Compile the programs listed in Table 1-2. To use the JAVAC executable, open a command window and go to \rdbms\demo in Oracle home.
```
>javac program_name.java
```
For example:
```
>javac dmnbdemo.java
```
If JAVAC is not found, then check the value of the PATH variable.

Run the Java Programs

You can run a Java program from the operating system prompt with a command like this:

>java program_name host_name:port_number:database_identifier user password

For example:

>java dmnbdemo mypc:1521:orcl dmuser dmuser_password

This command runs the dmnbdemo Java program on a computer named mypc. The program runs in a database that has the default name (orcl) and uses the default port (1521).

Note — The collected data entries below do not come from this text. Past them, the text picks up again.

(* Let $k$ be an infinite Brauer field, let $d\ge 1$, assume that $\Sigma^*((d))$ holds, and fix $e\in\{0,\ldots,d\}\setminus\{1\}$. There is a constant $C(d)$ such that the following holds. Let $a_1,\ldots,a_n\in k$ be arbitrary and $b_1,\ldots,b_n\in k$ nonzero, and for $x,y\in k^n$ put $f(x,y)=a_1x_1^ey_1^{d-e}+\cdots+a_nx_n^ey_n^{d-e}$ and $g(x,y)=b_1x_1y_1^{d-1}+\cdots+b_nx_ny_n^{d-1}$. If $n>C(d)$, then there exist $x,y\in k^n$ with $f(x,y)=0$ and $g(x,y)\ne 0$.
   Context: A field $k$ is a Brauer field if for every $d\ge 1$ there is $N_k(d)$ such that every equation $a_1x_1^d+\cdots+a_nx_n^d=0$ with $n>N_k(d)$, $a_i\in k$, has a non-trivial solution in $k^n$. Multi-degrees are tuples $(e_1\ge\cdots\ge e_s\ge 1)$ of integers compared lexicographically. Strength: for a homogeneous $f$ of degree $d>0$, $\operatorname{str}(f)$ is the minimal $s$ with $f=\sum_{t=1}^s g_th_t$, $g_t,h_t$ homogeneous over $k$ of degrees $<d$; the strength of a tuple is the minimal strength of a nontrivial $k$-linear combination of its members of equal degree. $\Sigma(\underline{e})$ is the statement: there is a constant $C$ such that for every finite-dimensional $k$-vector space $U$ and every tuple $\underline{h}$ of homogeneous polynomials on $U$ of multi-degree $\underline{e}$ with $\operatorname{str}(\underline{h})>C$, the $k$-points of the common zero locus $Z(\underline{h})$ are Zariski dense. $\Sigma^*((d))$ is the statement that $\Sigma(\underline{e})$ holds for every multi-degree $\underline{e}$ with first entry $<d$. *)

theory Defs
  imports Main "HOL-Library.Poly_Mapping"
begin

text \<open>Polynomials in the variables x_0, x_1, ... with coefficients in 'a:
  a finitely supported map from monomials (exponent vectors) to coefficients.\<close>
type_synonym 'a mpoly = "(nat \<Rightarrow>\<^sub>0 nat) \<Rightarrow>\<^sub>0 'a"

definition mdeg :: "(nat \<Rightarrow>\<^sub>0 nat) \<Rightarrow> nat" where
  "mdeg m = (\<Sum>i\<in>Poly_Mapping.keys m. Poly_Mapping.lookup m i)"

definition in_vars :: "nat \<Rightarrow> 'a::zero mpoly \<Rightarrow> bool" where
  "in_vars n p \<longleftrightarrow> (\<forall>m\<in>Poly_Mapping.keys p. \<forall>i\<in>Poly_Mapping.keys m. i < n)"

definition homog :: "nat \<Rightarrow> 'a::zero mpoly \<Rightarrow> bool" where
  "homog d p \<longleftrightarrow> (\<forall>m\<in>Poly_Mapping.keys p. mdeg m = d)"

definition peval :: "'a::comm_ring_1 mpoly \<Rightarrow> (nat \<Rightarrow> 'a) \<Rightarrow> 'a" where
  "peval p x = (\<Sum>m\<in>Poly_Mapping.keys p. Poly_Mapping.lookup p m * (\<Prod>i\<in>Poly_Mapping.keys m. x i ^ Poly_Mapping.lookup m i))"

definition const_poly :: "'a::zero \<Rightarrow> 'a mpoly" where
  "const_poly c = Poly_Mapping.single 0 c"

definition str_le :: "nat \<Rightarrow> nat \<Rightarrow> 'a::comm_ring_1 mpoly \<Rightarrow> nat \<Rightarrow> bool" where
  "str_le n d f s \<longleftrightarrow>
    (\<exists>g h :: nat \<Rightarrow> 'a mpoly. \<exists>dg dh :: nat \<Rightarrow> nat.
       (\<forall>t<s. in_vars n (g t) \<and> in_vars n (h t) \<and> homog (dg t) (g t) \<and> homog (dh t) (h t)
              \<and> dg t < d \<and> dh t < d \<and> dg t + dh t = d)
       \<and> f = (\<Sum>t<s. g t * h t))"

definition multideg :: "nat list \<Rightarrow> bool" where
  "multideg e \<longleftrightarrow> e \<noteq> [] \<and> sorted_wrt (\<ge>) e \<and> (\<forall>x\<in>set e. x \<ge> 1)"

definition tuple_str_gt :: "nat \<Rightarrow> nat list \<Rightarrow> (nat \<Rightarrow> 'a::comm_ring_1 mpoly) \<Rightarrow> nat \<Rightarrow> bool" where
  "tuple_str_gt n e hs C \<longleftrightarrow>
    (\<forall>D. \<forall>c :: nat \<Rightarrow> 'a.
       (\<exists>i<length e. e ! i = D \<and> c i \<noteq> 0) \<longrightarrow>
       \<not> str_le n D (\<Sum>i\<in>{i. i < length e \<and> e ! i = D}. const_poly (c i) * hs i) C)"

text \<open>The k-points of Z(hs) are Zariski dense in Z(hs): every polynomial over k
  vanishing on all k-points of Z(hs) lies in the radical of the ideal (hs)
  (equivalently, by the Nullstellensatz, vanishes on Z(hs) over the algebraic closure).\<close>
definition kpoints_dense :: "nat \<Rightarrow> nat \<Rightarrow> (nat \<Rightarrow> 'a::comm_ring_1 mpoly) \<Rightarrow> bool" where
  "kpoints_dense n s hs \<longleftrightarrow>
    (\<forall>p. in_vars n p \<longrightarrow>
       (\<forall>x :: nat \<Rightarrow> 'a. (\<forall>i<s. peval (hs i) x = 0) \<longrightarrow> peval p x = 0) \<longrightarrow>
       (\<exists>r::nat. \<exists>q :: nat \<Rightarrow> 'a mpoly. p ^ r = (\<Sum>i<s. q i * hs i)))"

definition Sigma :: "'a::field itself \<Rightarrow> nat list \<Rightarrow> bool" where
  "Sigma TYPE('a) e \<longleftrightarrow>
    (\<exists>C::nat. \<forall>n. \<forall>hs :: nat \<Rightarrow> 'a mpoly.
       (\<forall>i<length e. in_vars n (hs i) \<and> homog (e ! i) (hs i)) \<longrightarrow>
       tuple_str_gt n e hs C \<longrightarrow> kpoints_dense n (length e) hs)"

definition Sigma_star :: "'a::field itself \<Rightarrow> nat \<Rightarrow> bool" where
  "Sigma_star TYPE('a) d \<longleftrightarrow> (\<forall>e. multideg e \<longrightarrow> hd e < d \<longrightarrow> Sigma TYPE('a) e)"

definition brauer_field :: "'a::field itself \<Rightarrow> bool" where
  "brauer_field TYPE('a) \<longleftrightarrow>
    (\<forall>d::nat. d \<ge> 1 \<longrightarrow> (\<exists>N::nat. \<forall>n>N. \<forall>a :: nat \<Rightarrow> 'a.
       \<exists>x :: nat \<Rightarrow> 'a. (\<exists>i<n. x i \<noteq> 0) \<and> (\<Sum>i<n. a i * x i ^ d) = 0))"

end

theory Submission
  imports Defs "HOL-Computational_Algebra.Polynomial"
begin

text \<open>For \<open>e = 0\<close>, f does not involve x: take a nontrivial zero y of the diagonal form
  \<open>\<Sum> a\<^sub>i y\<^sub>i\<^sup>d\<close> and let x be the unit vector at a coordinate j with \<open>y\<^sub>j \<noteq> 0\<close>.
  For \<open>e \<ge> 2\<close>, take a nontrivial zero x of \<open>\<Sum> a\<^sub>i x\<^sub>i\<^sup>e\<close> and \<open>y = 1\<close>; if g vanishes there,
  use the torus action: scaling \<open>(x\<^sub>i, y\<^sub>i)\<close> by \<open>(v\<^bsup>d-e\<^esup>, 1)\<close> for \<open>i \<noteq> j\<close> and by \<open>(1, v\<^sup>e)\<close> for \<open>i = j\<close>
  multiplies every term of f by \<open>v\<^bsup>e(d-e)\<^esup>\<close>, while the terms of g acquire the different
  factors \<open>v\<^bsup>d-e\<^esup>\<close> and \<open>v\<^bsup>e(d-1)\<^esup>\<close>, whose ratio is \<open>v\<^bsup>d(e-1)\<^esup>\<close>. As k is infinite, v can be
  chosen with \<open>v\<^bsup>d(e-1)\<^esup> \<noteq> 1\<close>, which makes g nonzero.\<close>

lemma infinite_field_obtains_non_root_of_unity:
  assumes "infinite (UNIV :: 'a set)" and "m \<ge> 1"
  obtains v :: "'a::field" where "v \<noteq> 0" and "v ^ m \<noteq> 1"
proof -
  let ?p = "monom (1::'a) m - 1"
  have "poly ?p 0 = -1"
    using assms(2) by (simp add: poly_monom)
  then have "?p \<noteq> 0"
    by auto
  then have "finite (insert 0 {x. poly ?p x = 0})"
    using poly_roots_finite by blast
  then obtain v where "v \<notin> insert 0 {x. poly ?p x = 0}"
    using assms(1) ex_new_if_finite by blast
  then show thesis
    using that by (auto simp: poly_monom)
qed

lemma sum_lessThan_update:
  fixes p q :: "nat \<Rightarrow> 'a::ab_group_add"
  assumes "j < n"
  shows "(\<Sum>i<n. if i = j then p i else q i) = (\<Sum>i<n. q i) + (p j - q j)"
proof -
  have "(\<Sum>i<n. if i = j then p i else q i) = (\<Sum>i<n. q i + (if i = j then p j - q j else 0))"
    by (rule sum.cong) auto
  then show ?thesis
    using assms by (simp add: sum.distrib)
qed

lemma brauer_fieldE:
  assumes "brauer_field TYPE('a::field)" and "d \<ge> 1"
  obtains N where "\<And>n (a :: nat \<Rightarrow> 'a). n > N \<Longrightarrow>
    \<exists>x. (\<exists>i<n. x i \<noteq> 0) \<and> (\<Sum>i<n. a i * x i ^ d) = 0"
  using assms unfolding brauer_field_def by blast

definition diag_biform :: "nat \<Rightarrow> nat \<Rightarrow> nat \<Rightarrow> (nat \<Rightarrow> 'a::comm_ring_1) \<Rightarrow> (nat \<Rightarrow> 'a) \<Rightarrow> (nat \<Rightarrow> 'a) \<Rightarrow> 'a"
  where "diag_biform n e d a x y = (\<Sum>i<n. a i * x i ^ e * y i ^ (d - e))"

lemma diag_biform_zero_nonzero_deg0:
  fixes a b y :: "nat \<Rightarrow> 'a::idom"
  assumes "(\<Sum>i<n. a i * y i ^ d) = 0" and "j < n" and "y j \<noteq> 0" and "b j \<noteq> 0"
  shows "\<exists>x y. diag_biform n 0 d a x y = 0 \<and> diag_biform n 1 d b x y \<noteq> 0"
proof (intro exI conjI)
  let ?x = "\<lambda>i. if i = j then 1 else 0"
  show "diag_biform n 0 d a ?x y = 0"
    using assms(1) by (simp add: diag_biform_def)
  have "diag_biform n 1 d b ?x y = (\<Sum>i<n. if i = j then b j * y j ^ (d - 1) else 0)"
    unfolding diag_biform_def by (rule sum.cong) auto
  also have "\<dots> = b j * y j ^ (d - 1)"
    using assms(2) by simp
  finally show "diag_biform n 1 d b ?x y \<noteq> 0"
    using assms(3,4) by simp
qed

lemma diag_biform_zero_nonzero_by_rescaling:
  fixes a b x :: "nat \<Rightarrow> 'a::idom" and v :: 'a
  assumes f0: "(\<Sum>i<n. a i * x i ^ e) = 0" and j: "j < n" "x j \<noteq> 0" "b j \<noteq> 0"
    and v: "v \<noteq> 0" "v ^ (d * (e - 1)) \<noteq> 1" and e: "1 \<le> e" "e \<le> d"
  shows "\<exists>x y. diag_biform n e d a x y = 0 \<and> diag_biform n 1 d b x y \<noteq> 0"
proof (cases "(\<Sum>i<n. b i * x i) = 0")
  case False
  then show ?thesis
    using f0 by (intro exI[of _ x] exI[of _ "\<lambda>_. 1"]) (simp add: diag_biform_def)
next
  case g0: True
  define xv where "xv i = (if i = j then x i else v ^ (d - e) * x i)" for i
  define yv where "yv i = (if i = j then v ^ e else 1)" for i
  have "diag_biform n e d a xv yv = (\<Sum>i<n. v ^ (e * (d - e)) * (a i * x i ^ e))"
    unfolding diag_biform_def xv_def yv_def
    by (rule sum.cong) (auto simp: power_mult_distrib power_mult[symmetric] ac_simps)
  then have f: "diag_biform n e d a xv yv = 0"
    using f0 by (simp add: sum_distrib_left[symmetric])
  have "diag_biform n 1 d b xv yv =
      (\<Sum>i<n. if i = j then v ^ (e * (d - 1)) * (b i * x i) else v ^ (d - e) * (b i * x i))"
    unfolding diag_biform_def xv_def yv_def
    by (rule sum.cong) (auto simp: power_mult[symmetric] ac_simps)
  also have "\<dots> = (v ^ (e * (d - 1)) - v ^ (d - e)) * (b j * x j)"
    using j g0 by (simp add: sum_lessThan_update sum_distrib_left[symmetric] left_diff_distrib)
  also have "v ^ (e * (d - 1)) = v ^ (d - e) * v ^ (d * (e - 1))"
  proof -
    have "e * (d - 1) = (d - e) + d * (e - 1)"
      using e by (simp add: algebra_simps diff_mult_distrib diff_mult_distrib2)
    then show ?thesis
      by (simp add: power_add)
  qed
  finally have "diag_biform n 1 d b xv yv = v ^ (d - e) * (v ^ (d * (e - 1)) - 1) * (b j * x j)"
    by (simp add: algebra_simps)
  then have "diag_biform n 1 d b xv yv \<noteq> 0"
    using j v by simp
  with f show ?thesis
    by blast
qed

theorem lemma6p2:
  fixes d e :: nat
  assumes "infinite (UNIV :: 'a::field set)"
    and "brauer_field TYPE('a)"
    and "d \<ge> 1"
    and "Sigma_star TYPE('a) d"
    and "e \<le> d" and "e \<noteq> 1"
  shows "\<exists>C::nat. \<forall>n. \<forall>a b :: nat \<Rightarrow> 'a. n > C \<longrightarrow> (\<forall>i<n. b i \<noteq> 0) \<longrightarrow>
           (\<exists>x y :: nat \<Rightarrow> 'a. (\<Sum>i<n. a i * x i ^ e * y i ^ (d - e)) = 0 \<and>
                              (\<Sum>i<n. b i * x i * y i ^ (d - 1)) \<noteq> 0)"
proof -
  define e' where "e' = (if e = 0 then d else e)"
  have "e' \<ge> 1"
    using assms(3) by (simp add: e'_def)
  then obtain N where N: "\<And>n (a :: nat \<Rightarrow> 'a). n > N \<Longrightarrow>
      \<exists>x. (\<exists>i<n. x i \<noteq> 0) \<and> (\<Sum>i<n. a i * x i ^ e') = 0"
    using brauer_fieldE[OF assms(2)] by blast
  have "d * (e - 1) \<ge> 1" if "e \<noteq> 0"
    using that assms(3,6) by simp
  then obtain v :: 'a where v: "e \<noteq> 0 \<Longrightarrow> v \<noteq> 0 \<and> v ^ (d * (e - 1)) \<noteq> 1"
    using infinite_field_obtains_non_root_of_unity[OF assms(1)] by metis
  have "\<exists>x y. diag_biform n e d a x y = 0 \<and> diag_biform n 1 d b x y \<noteq> 0"
    if "n > N" and b: "\<forall>i<n. b i \<noteq> 0" for n and a b :: "nat \<Rightarrow> 'a"
  proof -
    obtain z j where z: "j < n" "z j \<noteq> 0" "(\<Sum>i<n. a i * z i ^ e') = 0"
      using N[OF \<open>n > N\<close>, of a] by blast
    show ?thesis
    proof (cases "e = 0")
      case True
      then show ?thesis
        using diag_biform_zero_nonzero_deg0[of a z d n j b] z b by (simp add: e'_def)
    next
      case False
      then show ?thesis
        using diag_biform_zero_nonzero_by_rescaling[of a z e n j b v d] z b v assms(5)
        by (simp add: e'_def)
    qed
  qed
  then show ?thesis
    unfolding diag_biform_def by (intro exI[of _ N]) auto
qed

end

View the Models Created by the Sample Programs

You can query the USER_MINING_MODELS view to list the models in your schema.

SQL> set linesize 100
SQL> select model_name, mining_function, algorithm from user_mining_models;
 
MODEL_NAME               MINING_FUNCTION            ALGORITHM
------------------------ -------------------------- ------------------------------
AI_SH_SAMPLE             ATTRIBUTE_IMPORTANCE       MINIMUM_DESCRIPTION_LENGTH
AR_SH_SAMPLE             ASSOCIATION_RULES          APRIORI_ASSOCIATION_RULES

This example shows that there are two mining models in your schema. The model name, mining function, and algorithm are displayed. To find all the columns defined in a view, use a DESCRIBE command.

SQL> DESCRIBE user_mining_models

You can query the USER_MINING_MODEL_ATTRIBUTES and USER_MINING_MODEL_SETTINGS views to obtain information about the attributes and settings for the models in your schema.